▶ [WORK REQUIRED]:
This exercise asks for every line of the material that contains the word "closure".

▶ [RECORDS PROVIDED]:
(* Let $\mathfrak{g}$ be a real nilpotent Lie algebra with a (possibly indefinite) metric whose Ricci operator satisfies $\operatorname{Ric}=\lambda\,\mathrm{id}+D$ with $\lambda\in\mathbb{R}$ and $D$ a derivation of $\mathfrak{g}$. Then $\operatorname{Tr}D^2=-\lambda\operatorname{Tr}D$ and $\operatorname{Tr}\operatorname{Ric}^2=\lambda\operatorname{Tr}\operatorname{Ric}$.
   Context: A metric on a Lie algebra is a nondegenerate symmetric bilinear form, possibly indefinite. The Ricci operator is that of the corresponding left-invariant pseudo-Riemannian metric on the simply connected Lie group, evaluated at the identity. *)

theory Defs
  imports "HOL-Analysis.Analysis"
begin

definition lie_algebra :: "(real^'n \<Rightarrow> real^'n \<Rightarrow> real^'n) \<Rightarrow> bool" where
  "lie_algebra br \<longleftrightarrow> bilinear br \<and> (\<forall>x. br x x = 0) \<and>
     (\<forall>x y z. br x (br y z) + br y (br z x) + br z (br x y) = 0)"

fun lower_central :: "(real^'n \<Rightarrow> real^'n \<Rightarrow> real^'n) \<Rightarrow> nat \<Rightarrow> (real^'n) set" where
  "lower_central br 0 = UNIV"
| "lower_central br (Suc k) = span {br x y | x y. y \<in> lower_central br k}"

definition nilpotent_lie :: "(real^'n \<Rightarrow> real^'n \<Rightarrow> real^'n) \<Rightarrow> bool" where
  "nilpotent_lie br \<longleftrightarrow> (\<exists>k. lower_central br k = {0})"

definition metric :: "(real^'n \<Rightarrow> real^'n \<Rightarrow> real) \<Rightarrow> bool" where
  "metric g \<longleftrightarrow> bilinear g \<and> (\<forall>x y. g x y = g y x) \<and> (\<forall>x. (\<forall>y. g x y = 0) \<longrightarrow> x = 0)"

text \<open>Levi-Civita connection of the left-invariant metric (Koszul formula for left-invariant fields).\<close>
definition levi_civita :: "(real^'n \<Rightarrow> real^'n \<Rightarrow> real^'n) \<Rightarrow> (real^'n \<Rightarrow> real^'n \<Rightarrow> real)
     \<Rightarrow> real^'n \<Rightarrow> real^'n \<Rightarrow> real^'n" where
  "levi_civita br g X Y = (THE v. \<forall>Z. g v Z =
       (g (br X Y) Z - g (br Y Z) X + g (br Z X) Y) / 2)"

definition curvature :: "(real^'n \<Rightarrow> real^'n \<Rightarrow> real^'n) \<Rightarrow> (real^'n \<Rightarrow> real^'n \<Rightarrow> real)
     \<Rightarrow> real^'n \<Rightarrow> real^'n \<Rightarrow> real^'n \<Rightarrow> real^'n" where
  "curvature br g X Y Z = (let nb = levi_civita br g in
       nb X (nb Y Z) - nb Y (nb X Z) - nb (br X Y) Z)"

definition tr :: "(real^'n \<Rightarrow> real^'n) \<Rightarrow> real" where
  "tr f = (\<Sum>i\<in>UNIV. f (axis i 1) $ i)"

definition ricci_tensor :: "(real^'n \<Rightarrow> real^'n \<Rightarrow> real^'n) \<Rightarrow> (real^'n \<Rightarrow> real^'n \<Rightarrow> real)
     \<Rightarrow> real^'n \<Rightarrow> real^'n \<Rightarrow> real" where
  "ricci_tensor br g Y Z = tr (\<lambda>X. curvature br g X Y Z)"

definition ricci_operator :: "(real^'n \<Rightarrow> real^'n \<Rightarrow> real^'n) \<Rightarrow> (real^'n \<Rightarrow> real^'n \<Rightarrow> real)
     \<Rightarrow> real^'n \<Rightarrow> real^'n" where
  "ricci_operator br g Y = (THE v. \<forall>Z. g v Z = ricci_tensor br g Y Z)"

definition derivation :: "(real^'n \<Rightarrow> real^'n \<Rightarrow> real^'n) \<Rightarrow> (real^'n \<Rightarrow> real^'n) \<Rightarrow> bool" where
  "derivation br D \<longleftrightarrow> linear D \<and> (\<forall>x y. D (br x y) = br (D x) y + br x (D y))"

end

theory Submission
  imports Defs
begin

(* Let e_k be the standard basis and f_k its g-dual basis, g f_k z = z_k. Expanding the curvature
   with the Koszul formula gives, for every metric Lie algebra,
     ric(Y,Z) = 1/2 sum_k g([Z,f_k],[e_k,Y]) - 1/4 sum_k,m g([f_m,e_k],Z) g([f_k,e_m],Y)
                - 1/2 B(Y,Z) - tr ad(nabla_Y Z)
   with B the Killing form. In a nilpotent Lie algebra ad_X and ad_X ad_Y lower the lower central
   series, hence are traceless, and the last two terms vanish. Evaluating tr (Ric o D) with this
   formula, the Leibniz rule turns the quartic term into twice the quadratic one, so
   tr (Ric o D) = 0 for every derivation D. With Ric = lambda id + D this says
   lambda tr D + tr D^2 = 0, and then tr Ric^2 = lambda tr Ric + tr (Ric o D) = lambda tr Ric. *)

lemma bilinearI:
  fixes f :: "'a::real_vector \<Rightarrow> 'b::real_vector \<Rightarrow> 'c::real_vector"
  assumes "\<And>x y z. f (x + y) z = f x z + f y z" "\<And>c x z. f (c *\<^sub>R x) z = c *\<^sub>R f x z"
    and "\<And>x y z. f x (y + z) = f x y + f x z" "\<And>c x z. f x (c *\<^sub>R z) = c *\<^sub>R f x z"
  shows "bilinear f"
  unfolding bilinear_def by (auto intro!: linearI simp: assms)

lemma linear_eq_sum_axis:
  fixes \<phi> :: "real^'n \<Rightarrow> 'b::real_vector"
  assumes "linear \<phi>"
  shows "\<phi> x = (\<Sum>j\<in>UNIV. x $ j *\<^sub>R \<phi> (axis j 1))"
proof -
  have "\<phi> x = \<phi> (\<Sum>j\<in>UNIV. x $ j *\<^sub>R axis j 1)"
    using basis_expansion[of x] by (simp add: scalar_mult_eq_scaleR)
  also have "\<dots> = (\<Sum>j\<in>UNIV. x $ j *\<^sub>R \<phi> (axis j 1))"
    using assms by (simp add: linear_sum linear_scale)
  finally show ?thesis .
qed
(* Let $\Omega\subset\mathbb{R}^n$, $n\ge 2$, be a bounded, simply connected domain with smooth boundary. Let $\sigma_{bg},\sigma_a\in L^\infty(\Omega)$ be real conductivities with positive essential infimum, let $D\subset\Omega$ be the (measurable) region occupied by the anomalies, $D=\bigcup_j D_j$ with the $D_j$ connected and pairwise disjoint, and set $\sigma_D=\sigma_{bg}$ on $\Omega\setminus D$ and $\sigma_D=\sigma_a$ on $D$. Assume the well-separation condition: either $\sigma_a^M<\sigma_{bg}^m$ or $\sigma_a^m>\sigma_{bg}^M$. Then for every $g\in H^{-1/2}_{\diamond}(\partial\Omega)$, $$\langle(\Lambda_D-\Lambda_{bg})g,g\rangle=0 \iff \int_D\sigma_{bg}(x)\,|\nabla u_{bg}(x)|^2\,dx=0,$$ where $u_{bg}\in H^1_\diamond(\Omega)$ is the weak solution of $\nabla\cdot(\sigma_{bg}\nabla u_{bg})=0$ in $\Omega$, $\sigma_{bg}\partial_n u_{bg}=g$ on $\partial\Omega$.
   Context: $H^1_\diamond(\Omega)=\{u\in H^1(\Omega):\int_{\partial\Omega}u=0\}$, $H^{\pm1/2}_\diamond(\partial\Omega)=\{u\in H^{\pm1/2}(\partial\Omega):\int_{\partial\Omega}u=0\}$. For a conductivity $\sigma\in L^\infty(\Omega)$ with positive essential infimum and $g\in H^{-1/2}_\diamond(\partial\Omega)$, the solution $u\in H^1_\diamond(\Omega)$ of $\nabla\cdot(\sigma\nabla u)=0$ in $\Omega$, $\sigma\partial_n u=g$ on $\partial\Omega$ is understood weakly: $\int_\Omega\sigma\nabla u\cdot\nabla\varphi\,dx=\int_{\partial\Omega}g\varphi\,dx$ for all $\varphi\in H^1_\diamond(\Omega)$. The Neumann-to-Dirichlet operator is $\Lambda_\sigma:H^{-1/2}_\diamond(\partial\Omega)\to H^{1/2}_\diamond(\partial\Omega)$, $g\mapsto u|_{\partial\Omega}$; $\Lambda_D=\Lambda_{\sigma_D}$, $\Lambda_{bg}=\Lambda_{\sigma_{bg}}$, and $\langle\cdot,\cdot\rangle$ is the duality pairing (the $L^2(\partial\Omega)$ inner product for $L^2$ data). Notation: $\sigma_{bg}^m=\operatorname{ess\,inf}_\Omega\sigma_{bg}$, $\sigma_{bg}^M=\operatorname{ess\,sup}_\Omega\sigma_{bg}$, $\sigma_a^m=\operatorname{ess\,inf}\sigma_a$, $\sigma_a^M=\operatorname{ess\,sup}\sigma_a$. *)

theory Defs
  imports "HOL-Analysis.Analysis" "HOL-Probability.Essential_Supremum"
begin

definition partial :: "(real^'n \<Rightarrow> real) \<Rightarrow> 'n \<Rightarrow> real^'n \<Rightarrow> real" where
  "partial f i x = frechet_derivative f (at x) (axis i 1)"

coinductive smooth_fun :: "(real^'n \<Rightarrow> real) \<Rightarrow> bool" where
  "\<lbrakk> \<forall>x. f differentiable (at x); \<forall>i. smooth_fun (partial f i) \<rbrakk> \<Longrightarrow> smooth_fun f"

definition smooth_boundary :: "(real^'n) set \<Rightarrow> bool" where
  "smooth_boundary \<Omega> \<longleftrightarrow>
     (\<forall>p\<in>frontier \<Omega>. \<exists>r>0. \<exists>\<psi>. smooth_fun \<psi> \<and>
        (\<forall>x\<in>ball p r. x \<in> \<Omega> \<longleftrightarrow> \<psi> x < 0) \<and>
        (\<forall>x\<in>ball p r. \<psi> x = 0 \<longrightarrow> frechet_derivative \<psi> (at x) \<noteq> (\<lambda>v. 0)))"

definition test_fun :: "(real^'n) set \<Rightarrow> (real^'n \<Rightarrow> real) \<Rightarrow> bool" where
  "test_fun \<Omega> \<phi> \<longleftrightarrow> smooth_fun \<phi> \<and> compact (closure {x. \<phi> x \<noteq> 0})
      \<and> closure {x. \<phi> x \<noteq> 0} \<subseteq> \<Omega>"

definition grad_of :: "(real^'n \<Rightarrow> real) \<Rightarrow> real^'n \<Rightarrow> real^'n" where
  "grad_of \<phi> x = (\<chi> i. partial \<phi> i x)"

definition L2_on :: "(real^'n) set \<Rightarrow> (real^'n \<Rightarrow> real) \<Rightarrow> bool" where
  "L2_on \<Omega> f \<longleftrightarrow> f \<in> borel_measurable (lebesgue_on \<Omega>) \<and>
      integrable (lebesgue_on \<Omega>) (\<lambda>x. (f x)^2)"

▶ [EXERCISE ANSWER]:
  "test_fun \<Omega> \<phi> \<longleftrightarrow> smooth_fun \<phi> \<and> compact (closure {x. \<phi> x \<noteq> 0})
      \<and> closure {x. \<phi> x \<noteq> 0} \<subseteq> \<Omega>"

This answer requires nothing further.